2 polyribonucleotide no no VSMRDMLKAGV VSMRDMLKAGV B ?
#
loop_
_entity_poly_seq.entity_id
_entity_poly_seq.num
_entity_poly_seq.mon_id
_entity_poly_seq.hetero
1 1 A n
1 2 A n
1 3 U n
1 4 U n
1 5 G n
1 6 A n
1 7 A n
1 8 G n
1 9 A n
2 1 VAL n
2 2 SER n
2 3 MET n
2 4 ARG n
2 5 ASP n
2 6 MET n
2 7 LEU n
2 8 LYS n
2 9 ALA n
2 10 GLY n
2 11 VAL n
#
loop_
_entity.id
_entity.type
_entity.src_method
_entity.pdbx_description
_entity.formula_weight
_entity.pdbx_number_of_molecules
_entity.pdbx_ec
_entity.pdbx_mutation
_entity.pdbx_fragment
_entity.details
1 polymer man
;RNA (5'-R(P*AP*AP*UP*UP*GP*AP*AP*GP*A)-3')
;
2903.815 1 ? ? ? ?
2 polymer man VAL-SER-MET-ARG-ASP-MET-LEU-LYS-ALA-GLY-VAL 1208.495 1 ? ? ? ?
#
All looks fine apart from:
1 polyribonucleotide no no AAUUGAAGA AAUUGAAGA A ?

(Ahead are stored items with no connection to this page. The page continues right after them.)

(* Let $\mathcal{A}_l\subseteq\mathcal{A}$ be nonempty, $\alpha\in[0,1)$, and let $\pi^{(t)}\in\Delta(\mathcal{A}_l)$ be such that $(1-\alpha)V_{\pi^{(t)}}+\alpha V_{\pi_{\mathrm{off}}}$ is nonsingular. Let $\pi^{(t+1)}$ be obtained from $\pi^{(t)}$ by one Frank–Wolfe update as in the context. Then $$d(\pi^{(t+1)},\mathcal{A}_l,\alpha)-d(\pi^{(t)},\mathcal{A}_l,\alpha)\ge m(\delta(\pi^{(t)})),\qquad m(\delta):=\log(1+\delta)-\frac{\delta}{1+\delta}.$$
   Context: $\mathcal{A}\subset\mathbb{R}^d$ finite, spanning $\mathbb{R}^d$, with $d\ge2$; $\pi_{\mathrm{off}}\in\Delta(\mathcal{A})$; $V_\pi=\sum_a\pi(a)aa^\top$; $d(\pi,\mathcal{A}_l,\alpha)=\log\det(\alpha V_{\pi_{\mathrm{off}}}+(1-\alpha)V_\pi)$. For $\pi$ with $(1-\alpha)V_\pi+\alpha V_{\pi_{\mathrm{off}}}$ nonsingular let $H(\pi)=((1-\alpha)V_\pi+\alpha V_{\pi_{\mathrm{off}}})^{-1}$, $w_a=\mathrm{Tr}\big(H(\pi)((1-\alpha)aa^\top+\alpha V_{\pi_{\mathrm{off}}})\big)$ for $a\in\mathcal{A}_l$, $a_+\in\arg\max_{a\in\mathcal{A}_l}w_a$, and the slack $\delta(\pi)=\frac{w_{a_+}}{d}-1$. Frank–Wolfe update: with $w,a_+$ computed at $\pi^{(t)}$ and $\beta=\frac{w_{a_+}-d}{(d-1)w_{a_+}}$, $\pi^{(t+1)}=(1+\beta)^{-1}(\pi^{(t)}+\beta\mathbb{1}_{\{a_+\}})$. *)

theory Defs
  imports "HOL-Analysis.Analysis"
begin

definition outer :: "real^'n \<Rightarrow> real^'n^'n" where
  "outer a = (\<chi> i j. a $ i * a $ j)"

definition Vmat :: "(real^'n) set \<Rightarrow> (real^'n \<Rightarrow> real) \<Rightarrow> real^'n^'n" where
  "Vmat S \<pi> = (\<Sum>a\<in>S. \<pi> a *\<^sub>R outer a)"

definition is_dist :: "(real^'n) set \<Rightarrow> (real^'n \<Rightarrow> real) \<Rightarrow> bool" where
  "is_dist S \<pi> \<longleftrightarrow> (\<forall>a. 0 \<le> \<pi> a) \<and> (\<forall>a. a \<notin> S \<longrightarrow> \<pi> a = 0) \<and> sum \<pi> S = 1"

definition Mmat :: "(real^'n) set \<Rightarrow> (real^'n) set \<Rightarrow> (real^'n \<Rightarrow> real) \<Rightarrow> real
    \<Rightarrow> (real^'n \<Rightarrow> real) \<Rightarrow> real^'n^'n" where
  "Mmat A Al \<pi>off \<alpha> \<pi> = (1 - \<alpha>) *\<^sub>R Vmat Al \<pi> + \<alpha> *\<^sub>R Vmat A \<pi>off"

definition dobj :: "(real^'n) set \<Rightarrow> (real^'n) set \<Rightarrow> (real^'n \<Rightarrow> real) \<Rightarrow> real
    \<Rightarrow> (real^'n \<Rightarrow> real) \<Rightarrow> real" where
  "dobj A Al \<pi>off \<alpha> \<pi> = ln (det (Mmat A Al \<pi>off \<alpha> \<pi>))"

definition wgt :: "(real^'n) set \<Rightarrow> (real^'n) set \<Rightarrow> (real^'n \<Rightarrow> real) \<Rightarrow> real
    \<Rightarrow> (real^'n \<Rightarrow> real) \<Rightarrow> real^'n \<Rightarrow> real" where
  "wgt A Al \<pi>off \<alpha> \<pi> a =
     trace (matrix_inv (Mmat A Al \<pi>off \<alpha> \<pi>) ** ((1 - \<alpha>) *\<^sub>R outer a + \<alpha> *\<^sub>R Vmat A \<pi>off))"

definition mfun :: "real \<Rightarrow> real" where
  "mfun \<delta> = ln (1 + \<delta>) - \<delta> / (1 + \<delta>)"

end

theory Submission
  imports Defs
begin

(* Write M = (1 - alpha) V_pi + alpha V_off and G = (1 - alpha) a+ a+^T + alpha V_off. The
   Frank-Wolfe step gives M' = (M + beta G) / (1 + beta), and tr(M^-1 G) = w_{a+}. For positive
   definite M and any nonnegative combination G of rank-one matrices,
   det (M + G) >= det M * (1 + tr(M^-1 G)): add the rank-one terms one at a time, using the matrix
   determinant lemma det (N + c u u^T) = det N * (1 + c u^T N^-1 u) and the fact that
   G <= tr(M^-1 G) M forces (M + G)^-1 >= M^-1 / (1 + tr(M^-1 G)). Hence the objective grows by at
   least log (1 + beta w) - d log (1 + beta). The pi-average of the w_a is tr(M^-1 M) = d, so w >= d
   and beta >= 0, and log (1 + beta) <= beta together with the choice of beta turns this bound
   into m(delta). *)

lemma quadratic_nonneg_imp_discriminant:
  fixes a b c :: real
  assumes "0 \<le> c" and nonneg: "\<And>t. 0 \<le> a + 2 * b * t + c * t\<^sup>2"
  shows "b\<^sup>2 \<le> a * c"
proof (cases "c = 0")
  case True
  have "b = 0"
  proof (rule ccontr)
    assume "b \<noteq> 0"
    then show False using nonneg[of "- (a + 1) / (2 * b)"] True by simp
  qed
  then show ?thesis using True by simp
next
  case False
  then have "0 < c" using assms(1) by simp
  have "0 \<le> a - b\<^sup>2 / c"
    using nonneg[of "- b / c"] \<open>0 < c\<close> by (simp add: power2_eq_square field_simps)
  then show ?thesis using \<open>0 < c\<close> by (simp add: field_simps)
qed

lemma
  fixes N :: "real^'n^'n"
  assumes "invertible N"
  shows matrix_inv_right: "N ** matrix_inv N = mat 1"
    and matrix_inv_left: "matrix_inv N ** N = mat 1"
  using someI_ex[OF assms[unfolded invertible_def]] unfolding matrix_inv_def by auto

lemma matrix_inv_mult_vector:
  fixes N :: "real^'n^'n"
  assumes "invertible N"
  shows "N *v (matrix_inv N *v u) = u" and "matrix_inv N *v (N *v u) = u"
  by (simp_all add: matrix_vector_mul_assoc matrix_inv_right[OF assms] matrix_inv_left[OF assms])

lemma outer_mult_vector: "outer u *v x = (u \<bullet> x) *\<^sub>R u"
  by (simp add: outer_def vec_eq_iff matrix_vector_mult_def inner_vec_def sum_distrib_left mult_ac)

lemma transpose_outer: "transpose (outer u) = outer u"
  by (simp add: outer_def transpose_def vec_eq_iff mult.commute)

lemma trace_mult_outer: "trace (H ** outer u) = u \<bullet> (H *v u)"
  by (simp add: trace_def matrix_matrix_mult_def outer_def inner_vec_def matrix_vector_mult_def
      sum_distrib_left mult_ac)

lemma trace_mult_scaleR: "trace ((H::real^'n^'n) ** (c *\<^sub>R A)) = c * trace (H ** A)"
  by (simp add: trace_def matrix_matrix_mult_def sum_distrib_left mult_ac)

lemma inner_matrix_vector_symmetric:
  fixes N :: "real^'n^'n"
  assumes "transpose N = N"
  shows "x \<bullet> (N *v y) = y \<bullet> (N *v x)"
  by (metis assms dot_lmul_matrix inner_commute vector_transpose_matrix)

section \<open>Positive definite matrices\<close>

definition pos_semidef :: "real^'n^'n \<Rightarrow> bool" where
  "pos_semidef N \<longleftrightarrow> transpose N = N \<and> (\<forall>x. 0 \<le> x \<bullet> (N *v x))"

definition pos_def :: "real^'n^'n \<Rightarrow> bool" where
  "pos_def N \<longleftrightarrow> transpose N = N \<and> (\<forall>x. x \<noteq> 0 \<longrightarrow> 0 < x \<bullet> (N *v x))"

lemma pos_def_imp_pos_semidef: "pos_def N \<Longrightarrow> pos_semidef N"
  unfolding pos_def_def pos_semidef_def by (metis inner_zero_left order.refl less_imp_le)

lemma pos_semidef_add: "pos_semidef A \<Longrightarrow> pos_semidef B \<Longrightarrow> pos_semidef (A + B)"
  by (simp add: pos_semidef_def transpose_def vec_eq_iff matrix_vector_mult_add_rdistrib
      inner_add_right)

lemma pos_semidef_scaleR: "pos_semidef A \<Longrightarrow> 0 \<le> c \<Longrightarrow> pos_semidef (c *\<^sub>R A)"
  by (simp add: pos_semidef_def transpose_scalar scaleR_matrix_vector_assoc[symmetric])

lemma pos_def_add_pos_semidef: "pos_def A \<Longrightarrow> pos_semidef B \<Longrightarrow> pos_def (A + B)"
  by (auto simp: pos_def_def pos_semidef_def transpose_def vec_eq_iff matrix_vector_mult_add_rdistrib
      inner_add_right add_pos_nonneg)

lemma pos_semidef_cauchy_schwarz:
  fixes N :: "real^'n^'n"
  assumes "pos_semidef N"
  shows "(x \<bullet> (N *v y))\<^sup>2 \<le> (x \<bullet> (N *v x)) * (y \<bullet> (N *v y))"
proof (rule quadratic_nonneg_imp_discriminant)
  have sym: "transpose N = N" and nonneg: "\<And>z. 0 \<le> z \<bullet> (N *v z)"
    using assms by (auto simp: pos_semidef_def)
  show "0 \<le> y \<bullet> (N *v y)" by (rule nonneg)
  fix t
  have "(x + t *\<^sub>R y) \<bullet> (N *v (x + t *\<^sub>R y))
      = x \<bullet> (N *v x) + 2 * (x \<bullet> (N *v y)) * t + (y \<bullet> (N *v y)) * t\<^sup>2"
    using inner_matrix_vector_symmetric[OF sym, of x y]
    by (simp add: algebra_simps power2_eq_square)
  then show "0 \<le> x \<bullet> (N *v x) + 2 * (x \<bullet> (N *v y)) * t + (y \<bullet> (N *v y)) * t\<^sup>2"
    using nonneg by metis
qed

lemma pos_semidef_form_eq_0D:
  fixes N :: "real^'n^'n"
  assumes "pos_semidef N" "x \<bullet> (N *v x) = 0"
  shows "N *v x = 0"
proof -
  have "((N *v x) \<bullet> (N *v x))\<^sup>2 \<le> 0"
    using pos_semidef_cauchy_schwarz[OF assms(1), of "N *v x" x] assms(2) by simp
  then show ?thesis by simp
qed

lemma pos_def_invertible:
  fixes N :: "real^'n^'n"
  assumes "pos_def N"
  shows "invertible N"
proof -
  have "x = 0" if "N *v x = 0" for x
    using assms that unfolding pos_def_def by force
  then have "inj ((*v) N)"
    by (intro injI) (metis eq_iff_diff_eq_0 matrix_vector_mult_diff_distrib)
  then have "det (matrix ((*v) N)) \<noteq> 0"
    by (subst det_nz_iff_inj) auto
  then show ?thesis by (simp add: invertible_det_nz)
qed

lemma pos_semidef_invertible_imp_pos_def:
  fixes N :: "real^'n^'n"
  assumes "pos_semidef N" "invertible N"
  shows "pos_def N"
proof -
  have "0 < x \<bullet> (N *v x)" if "x \<noteq> 0" for x
  proof -
    have "N *v x \<noteq> N *v 0"
      using that inj_matrix_vector_mult[OF assms(2)] by (metis injD)
    then show ?thesis
      using assms(1) pos_semidef_form_eq_0D[OF assms(1), of x]
      by (force simp: pos_semidef_def order.order_iff_strict)
  qed
  then show ?thesis using assms(1) by (simp add: pos_def_def pos_semidef_def)
qed

lemma pos_def_inverse_cauchy_schwarz:
  fixes N :: "real^'n^'n"
  assumes "pos_def N"
  shows "(u \<bullet> x)\<^sup>2 \<le> (u \<bullet> (matrix_inv N *v u)) * (x \<bullet> (N *v x))"
proof -
  define y where "y = matrix_inv N *v u"
  have "N *v y = u"
    using matrix_inv_mult_vector[OF pos_def_invertible[OF assms]] by (simp add: y_def)
  then show ?thesis
    using pos_semidef_cauchy_schwarz[OF pos_def_imp_pos_semidef[OF assms], of x y]
    by (simp add: y_def inner_commute mult.commute)
qed

lemma pos_def_inverse_form_nonneg:
  fixes N :: "real^'n^'n"
  assumes "pos_def N"
  shows "0 \<le> u \<bullet> (matrix_inv N *v u)"
proof -
  define y where "y = matrix_inv N *v u"
  have "N *v y = u"
    using matrix_inv_mult_vector[OF pos_def_invertible[OF assms]] by (simp add: y_def)
  then have "u \<bullet> (matrix_inv N *v u) = y \<bullet> (N *v y)"
    by (simp add: y_def[symmetric] inner_commute)
  then show ?thesis
    using pos_def_imp_pos_semidef[OF assms] by (simp add: pos_semidef_def)
qed

lemma pos_def_det_pos:
  fixes N :: "real^'n^'n"
  assumes "pos_def N"
  shows "0 < det N"
proof (rule ccontr)
  assume "\<not> 0 < det N"
  define g where "g t = (1 - t) *\<^sub>R (mat 1 :: real^'n^'n) + t *\<^sub>R N" for t :: real
  have "pos_def (g t)" if "0 \<le> t" "t \<le> 1" for t
  proof (cases "t = 1")
    case True
    then show ?thesis using assms by (simp add: g_def)
  next
    case False
    then have "pos_def ((1 - t) *\<^sub>R (mat 1 :: real^'n^'n))"
      using that by (simp add: pos_def_def transpose_scalar scaleR_matrix_vector_assoc[symmetric])
    moreover have "pos_semidef (t *\<^sub>R N)"
      using that pos_semidef_scaleR pos_def_imp_pos_semidef[OF assms] by blast
    ultimately show ?thesis unfolding g_def by (rule pos_def_add_pos_semidef)
  qed
  moreover have "continuous_on {0..1} (\<lambda>t. - det (g t))"
    unfolding det_def g_def by (simp add: mat_def) (intro continuous_intros)
  then obtain t where "0 \<le> t" "t \<le> 1" "det (g t) = 0"
    using IVT'[of "\<lambda>t. - det (g t)" 0 0 1] \<open>\<not> 0 < det N\<close> by (auto simp: g_def)
  ultimately show False
    using pos_def_invertible by (fastforce simp: invertible_det_nz)
qed

section \<open>Design matrices\<close>

lemma Vmat_insert: "finite S \<Longrightarrow> a \<notin> S \<Longrightarrow> Vmat (insert a S) c = c a *\<^sub>R outer a + Vmat S c"
  by (simp add: Vmat_def)

lemma Vmat_add_weights: "Vmat S (\<lambda>a. f a + g a) = Vmat S f + Vmat S g"
  by (simp add: Vmat_def scaleR_add_left sum.distrib)

lemma Vmat_scale_weights: "Vmat S (\<lambda>a. r * f a) = r *\<^sub>R Vmat S f"
  by (simp add: Vmat_def scaleR_sum_right)

lemma Vmat_indicator: "finite S \<Longrightarrow> b \<in> S \<Longrightarrow> Vmat S (\<lambda>a. if a = b then 1 else 0) = outer b"
  by (simp add: Vmat_def if_distrib[of "\<lambda>r. r *\<^sub>R outer _"] cong: if_cong)

lemma inner_Vmat: "x \<bullet> (Vmat S c *v x) = (\<Sum>a\<in>S. c a * (a \<bullet> x)\<^sup>2)"
  by (induction S rule: infinite_finite_induct)
    (simp_all add: Vmat_def matrix_vector_mult_add_rdistrib scaleR_matrix_vector_assoc[symmetric]
      outer_mult_vector inner_add_right inner_commute power2_eq_square)

lemma trace_mult_Vmat: "trace (H ** Vmat S c) = (\<Sum>a\<in>S. c a * (a \<bullet> (H *v a)))"
  by (induction S rule: infinite_finite_induct)
    (simp_all add: Vmat_insert matrix_add_ldistrib trace_add trace_mult_scaleR trace_mult_outer,
      simp_all add: Vmat_def trace_def matrix_matrix_mult_def)

lemma pos_semidef_Vmat: "(\<And>a. a \<in> S \<Longrightarrow> 0 \<le> c a) \<Longrightarrow> pos_semidef (Vmat S c)"
proof (induction S rule: infinite_finite_induct)
  case (insert a S)
  have "pos_semidef (c a *\<^sub>R outer a)"
    using insert.prems by (intro pos_semidef_scaleR)
      (simp_all add: pos_semidef_def transpose_outer outer_mult_vector inner_commute)
  then show ?case using insert by (simp add: Vmat_insert pos_semidef_add)
qed (simp_all add: Vmat_def pos_semidef_def transpose_def vec_eq_iff)

lemma Vmat_form_le:
  fixes N :: "real^'n^'n"
  assumes "pos_def N" "\<And>a. a \<in> S \<Longrightarrow> 0 \<le> c a"
  shows "x \<bullet> (Vmat S c *v x) \<le> (\<Sum>a\<in>S. c a * (a \<bullet> (matrix_inv N *v a))) * (x \<bullet> (N *v x))"
  unfolding inner_Vmat sum_distrib_right mult.assoc
  by (intro sum_mono mult_left_mono pos_def_inverse_cauchy_schwarz assms)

2 polyribonucleotide no no VSMRDMLKAGV VSMRDMLKAGV B ?
If I change the order of lines in the input to:
loop_
_entity_poly.entity_id
_entity_poly.type
B polypeptide(L)
A polyribonucleotide
then in the output I get:
1 "polypeptide(L)" no no AAUUGAAGA AAUUGAAGA A ?
2 "polypeptide(L)" no no VSMRDMLKAGV VSMRDMLKAGV B ?
If _entity_poly.type
is absent in the input file, it's correct in the output.

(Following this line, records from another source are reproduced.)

(* For every MLL proof structure $\Theta$, every run of Algorithm A on input $\Theta$ terminates.
   Context: MLL formulas (with a single atom $p$) are given by $F ::= p \mid p^\bot \mid F\otimes G \mid F \wp G$, where $\wp$ denotes par. MLL links are: an ID-link, with two conclusions $p$ and $p^\bot$; a $\otimes$-link, with left premise $F$, right premise $G$ and conclusion $F\otimes G$; a $\wp$-link, with left premise $F$, right premise $G$ and conclusion $F\wp G$. An MLL proof structure $\Theta$ is a finite set of links such that each conclusion of a link is a premise of at most one other link of $\Theta$, and each premise of a link is a conclusion of exactly one other link; a conclusion of $\Theta$ is a formula occurrence that is not a premise of any link. Extreme-left DR-graph $S_{\forall\ell}(\Theta)$: the undirected graph on formula occurrences in which each ID-link joins its two conclusions, each $\otimes$-link joins its conclusion to both premises, and each $\wp$-link joins its conclusion to its left premise only. deNM-trees: finite trees with labeled nodes (carrying a label set of symbols $\ell_L$, $r_L$, $L$ a $\wp$-link) and $\wp$-nodes (labeled by a $\wp$-link $L$, of degree 1 or 2, with a port "above" and a port "below"; a degree-1 $\wp$-node is attached only through its port above). Translation $T(\Theta)$ (undefined unless $S_{\forall\ell}(\Theta)$ is a tree). If $\Theta$ is a single ID-link, $T(\Theta)$ is one degree-0 labeled node with label set $\emptyset$. Otherwise each link $L$ gives a piece: (i) ID-link, case 1: one conclusion $F$ is the right premise of a $\wp$-link $L'$ or a conclusion of $\Theta$; if $F^\bot$ is a premise of a $\wp$-link, $T(\Theta)$ is undefined; otherwise a degree-1 labeled node attached to the piece of the link having $F^\bot$ as premise, labeled $\{r_{L'}\}$ if $F$ is the right premise of $L'$ and $\emptyset$ otherwise. Case 2 (otherwise): if both conclusions are premises of $\wp$-links, undefined; otherwise a degree-2 labeled node attached to the pieces of the links having the conclusions as premises, labeled $\{\ell_{L'}\}$ if a conclusion is the left premise of a $\wp$-link $L'$, else $\emptyset$. (ii) $\otimes$-link, case 1 (conclusion is a conclusion of $\Theta$ or right premise of a $\wp$-link $L'$): a degree-2 labeled node attached to the pieces of the links producing its premises, labeled $\{r_{L'}\}$ or $\emptyset$ accordingly; case 2 (otherwise): a degree-3 labeled node attached additionally to the piece of the link having its conclusion as premise, labeled $\{\ell_{L'}\}$ if the conclusion is the left premise of a $\wp$-link $L'$, else $\emptyset$. (iii) $\wp$-link $L$: a $\wp$-node $n_L$ whose port above is attached to the piece of the link producing the left premise of $L$; case 1 (conclusion is the right premise of $\wp$-link $L'$): port below attached to a degree-1 labeled node labeled $\{r_{L'}\}$; case 2 (conclusion is the left premise of $\wp$-link $L'$): port below attached to a degree-2 labeled node labeled $\{\ell_{L'}\}$ which is attached to the port above of $n_{L'}$; case 3 (otherwise): only $n_L$, of degree 1 if its conclusion is a conclusion of $\Theta$, else its port below is attached to the piece of the link having its conclusion as premise. $T(\Theta)$ connects all pieces. Rewriting with one designated active labeled node: ($\wp$-elimination) if the active node $n$ is adjacent to a $\wp$-node $n_L$ through $n_L$'s port above and $n$'s label set contains $\ell_L$ and $r_L$, delete $n_L$ (its neighbour through the port below, if any, becomes adjacent to $n$); (union) if the active node is adjacent to a labeled node, merge them into one active node labeled by the union of label sets; (local jump) if the active node is adjacent to a $\wp$-node $n_L$ through $n_L$'s port below, the active node becomes the labeled node whose label set contains $r_L$ (tree unchanged). $S_{\rm full}$ is the set of all $\ell_L, r_L$ for $\wp$-links $L$ of $\Theta$. Algorithm A on input $\Theta$: (1) if $T(\Theta)$ is undefined, output no; (2) select an arbitrary labeled node as active; (3) rewrite using the three rules (in any order); (4) if local jump is applied to a $\wp$-node to which it was already applied, output no; (5) when no rule applies to the current tree $T'$, output yes if $T'$ is exactly one degree-0 node with label set $S_{\rm full}$, and no otherwise. *)

theory Defs
  imports Main
begin

datatype form = Atom | NegAtom | Tens form form | Par form form

text \<open>Links over formula occurrences of type 'o.
  IdL a b: ID-link with conclusions a (typed p) and b (typed p-dual).
  TensL a b c / ParL a b c: left premise a, right premise b, conclusion c.\<close>
datatype 'o link = IdL 'o 'o | TensL 'o 'o 'o | ParL 'o 'o 'o

fun concls :: "'o link \<Rightarrow> 'o set" where
  "concls (IdL a b) = {a, b}"
| "concls (TensL a b c) = {c}"
| "concls (ParL a b c) = {c}"

fun prems :: "'o link \<Rightarrow> 'o set" where
  "prems (IdL a b) = {}"
| "prems (TensL a b c) = {a, b}"
| "prems (ParL a b c) = {a, b}"

fun is_par :: "'o link \<Rightarrow> bool" where
  "is_par (ParL a b c) = True"
| "is_par _ = False"

fun well_typed :: "('o \<Rightarrow> form) \<Rightarrow> 'o link \<Rightarrow> bool" where
  "well_typed \<phi> (IdL a b) = (\<phi> a = Atom \<and> \<phi> b = NegAtom)"
| "well_typed \<phi> (TensL a b c) = (a \<noteq> b \<and> \<phi> c = Tens (\<phi> a) (\<phi> b))"
| "well_typed \<phi> (ParL a b c) = (a \<noteq> b \<and> \<phi> c = Par (\<phi> a) (\<phi> b))"

definition occs :: "'o link set \<Rightarrow> 'o set" where
  "occs \<Theta> = (\<Union>L\<in>\<Theta>. concls L \<union> prems L)"

definition proof_structure :: "('o \<Rightarrow> form) \<Rightarrow> 'o link set \<Rightarrow> bool" where
  "proof_structure \<phi> \<Theta> \<longleftrightarrow>
     finite \<Theta> \<and>
     (\<forall>L\<in>\<Theta>. well_typed \<phi> L) \<and>
     (\<forall>x\<in>occs \<Theta>. \<exists>!L. L \<in> \<Theta> \<and> x \<in> concls L) \<and>
     (\<forall>x. \<forall>L\<in>\<Theta>. \<forall>M\<in>\<Theta>. x \<in> prems L \<longrightarrow> x \<in> prems M \<longrightarrow> L = M)"

definition is_concl_of :: "'o link set \<Rightarrow> 'o \<Rightarrow> bool" where
  "is_concl_of \<Theta> x \<longleftrightarrow> x \<in> occs \<Theta> \<and> (\<forall>L\<in>\<Theta>. x \<notin> prems L)"

definition left_of :: "'o link set \<Rightarrow> 'o \<Rightarrow> 'o link \<Rightarrow> bool" where
  "left_of \<Theta> x L' \<longleftrightarrow> L' \<in> \<Theta> \<and> (\<exists>b c. L' = ParL x b c)"

definition right_of :: "'o link set \<Rightarrow> 'o \<Rightarrow> 'o link \<Rightarrow> bool" where
  "right_of \<Theta> x L' \<longleftrightarrow> L' \<in> \<Theta> \<and> (\<exists>a c. L' = ParL a x c)"

definition par_prem :: "'o link set \<Rightarrow> 'o \<Rightarrow> bool" where
  "par_prem \<Theta> x \<longleftrightarrow> (\<exists>L'. left_of \<Theta> x L' \<or> right_of \<Theta> x L')"

definition sedges :: "'o link set \<Rightarrow> 'o set set" where
  "sedges \<Theta> =
     {{a, b} | a b. IdL a b \<in> \<Theta>} \<union>
     {{c, a} | a b c. TensL a b c \<in> \<Theta>} \<union>
     {{c, b} | a b c. TensL a b c \<in> \<Theta>} \<union>
     {{c, a} | a b c. ParL a b c \<in> \<Theta>}"

definition adj :: "'v set set \<Rightarrow> ('v \<times> 'v) set" where
  "adj E = {(x, y). {x, y} \<in> E}"

text \<open>A (finite, nonempty) undirected simple graph is a tree iff it is connected and
  acyclic; acyclicity is expressed as: no edge lies on a cycle, i.e. removing any edge
  disconnects its endpoints.\<close>
definition is_tree :: "'v set \<Rightarrow> 'v set set \<Rightarrow> bool" where
  "is_tree V E \<longleftrightarrow>
     finite V \<and> V \<noteq> {} \<and>
     (\<forall>e\<in>E. \<exists>x y. x \<in> V \<and> y \<in> V \<and> x \<noteq> y \<and> e = {x, y}) \<and>
     (\<forall>x\<in>V. \<forall>y\<in>V. (x, y) \<in> (adj E)\<^sup>*) \<and>
     (\<forall>e\<in>E. \<forall>x y. e = {x, y} \<longrightarrow> (x, y) \<notin> (adj (E - {e}))\<^sup>*)"

definition S_tree :: "'o link set \<Rightarrow> bool" where
  "S_tree \<Theta> \<longleftrightarrow> is_tree (occs \<Theta>) (sedges \<Theta>)"

datatype port = Above | Below | NoPort

text \<open>Label symbols: Lsym L is l_L, Rsym L is r_L (L a par-link).\<close>
datatype 'o sym = Lsym "'o link" | Rsym "'o link"

datatype 'o nkind = LabN "'o sym set" | ParNode "'o link"

text \<open>A deNM-tree: a set of nodes, a kind for each node (labeled node with its label set, or
  par-node with its link), and undirected edges, each a 2-element set of endpoints
  (node, port); labeled nodes use port NoPort, par-nodes use Above / Below.\<close>
record ('n, 'o) dnm =
  nodes :: "'n set"
  kind :: "'n \<Rightarrow> 'o nkind"
  edges :: "('n \<times> port) set set"

datatype 'o tnode = PieceN "'o link" | ExtraN "'o link"

definition use_label :: "'o link set \<Rightarrow> 'o \<Rightarrow> 'o sym set" where
  "use_label \<Theta> x = {Rsym L' | L'. right_of \<Theta> x L'} \<union> {Lsym L' | L'. left_of \<Theta> x L'}"

fun T_kind :: "'o link set \<Rightarrow> 'o tnode \<Rightarrow> 'o nkind" where
  "T_kind \<Theta> (PieceN L) =
     (if is_par L then ParNode L else LabN (\<Union>c\<in>concls L. use_label \<Theta> c))"
| "T_kind \<Theta> (ExtraN (ParL a b c)) = LabN (use_label \<Theta> c)"
| "T_kind \<Theta> (ExtraN _) = LabN {}"

text \<open>Endpoint by which the piece of link L is attached below, through its conclusion c.\<close>
fun lowerE :: "'o link set \<Rightarrow> 'o link \<Rightarrow> 'o \<Rightarrow> ('o tnode \<times> port) option" where
  "lowerE \<Theta> (ParL a b c) x =
     (if \<exists>L'. left_of \<Theta> x L' then Some (ExtraN (ParL a b c), NoPort)
      else if par_prem \<Theta> x then None
      else Some (PieceN (ParL a b c), Below))"
| "lowerE \<Theta> L x = Some (PieceN L, NoPort)"

text \<open>Endpoint by which the piece of link M is attached above, through its premise x.\<close>
fun upperE :: "'o link \<Rightarrow> 'o \<Rightarrow> ('o tnode \<times> port) option" where
  "upperE (TensL a b c) x = Some (PieceN (TensL a b c), NoPort)"
| "upperE (ParL a b c) x = (if x = a then Some (PieceN (ParL a b c), Above) else None)"
| "upperE (IdL a b) x = None"

definition T_nodes :: "'o link set \<Rightarrow> 'o tnode set" where
  "T_nodes \<Theta> = PieceN ` \<Theta> \<union>
     {ExtraN (ParL a b c) | a b c. ParL a b c \<in> \<Theta> \<and> par_prem \<Theta> c}"

definition T_edges :: "'o link set \<Rightarrow> ('o tnode \<times> port) set set" where
  "T_edges \<Theta> =
     {{u, v} | L M x u v. L \<in> \<Theta> \<and> M \<in> \<Theta> \<and> x \<in> concls L \<and> x \<in> prems M \<and>
                         lowerE \<Theta> L x = Some u \<and> upperE M x = Some v} \<union>
     {{(PieceN (ParL a b c), Below), (ExtraN (ParL a b c), NoPort)} | a b c.
         ParL a b c \<in> \<Theta> \<and> par_prem \<Theta> c}"

definition T :: "'o link set \<Rightarrow> ('o tnode, 'o) dnm" where
  "T \<Theta> = \<lparr>nodes = T_nodes \<Theta>, kind = T_kind \<Theta>, edges = T_edges \<Theta>\<rparr>"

Good that you found the culprit. For the time being, I will just delete the poly.type section before I upload files to wwPDB.
Just noticed maxit-v11.300 has been released https://sw-tools.rcsb.org/apps/MAXIT/source.html and it worked properly. Also tested https://validate-rcsb-1.wwpdb.org/, which seemed to still use an older maxit version.
I have a problem that the wwPDB deposition server and also the wwPDB validation server misidentifies my polymer chains as polyribonucleotide instead of polypeptide(L) when I upload the refined.mmcif file from refine_spa_norefmac. The poly.type is set correctly in the header, but the wwPDB staff says it is wrong on their side.
Example:
This is a ribosome structure with both ribonucleic acids and many proteins. Strangely, only protein chains up til a specific point are identified as polyribonucleotide, which indicate to me that there is some corruption in the file. Could the lack of TER records cause this problem? In an earlier deposition, which used an older version of refine_spa, the polymer type records were not there.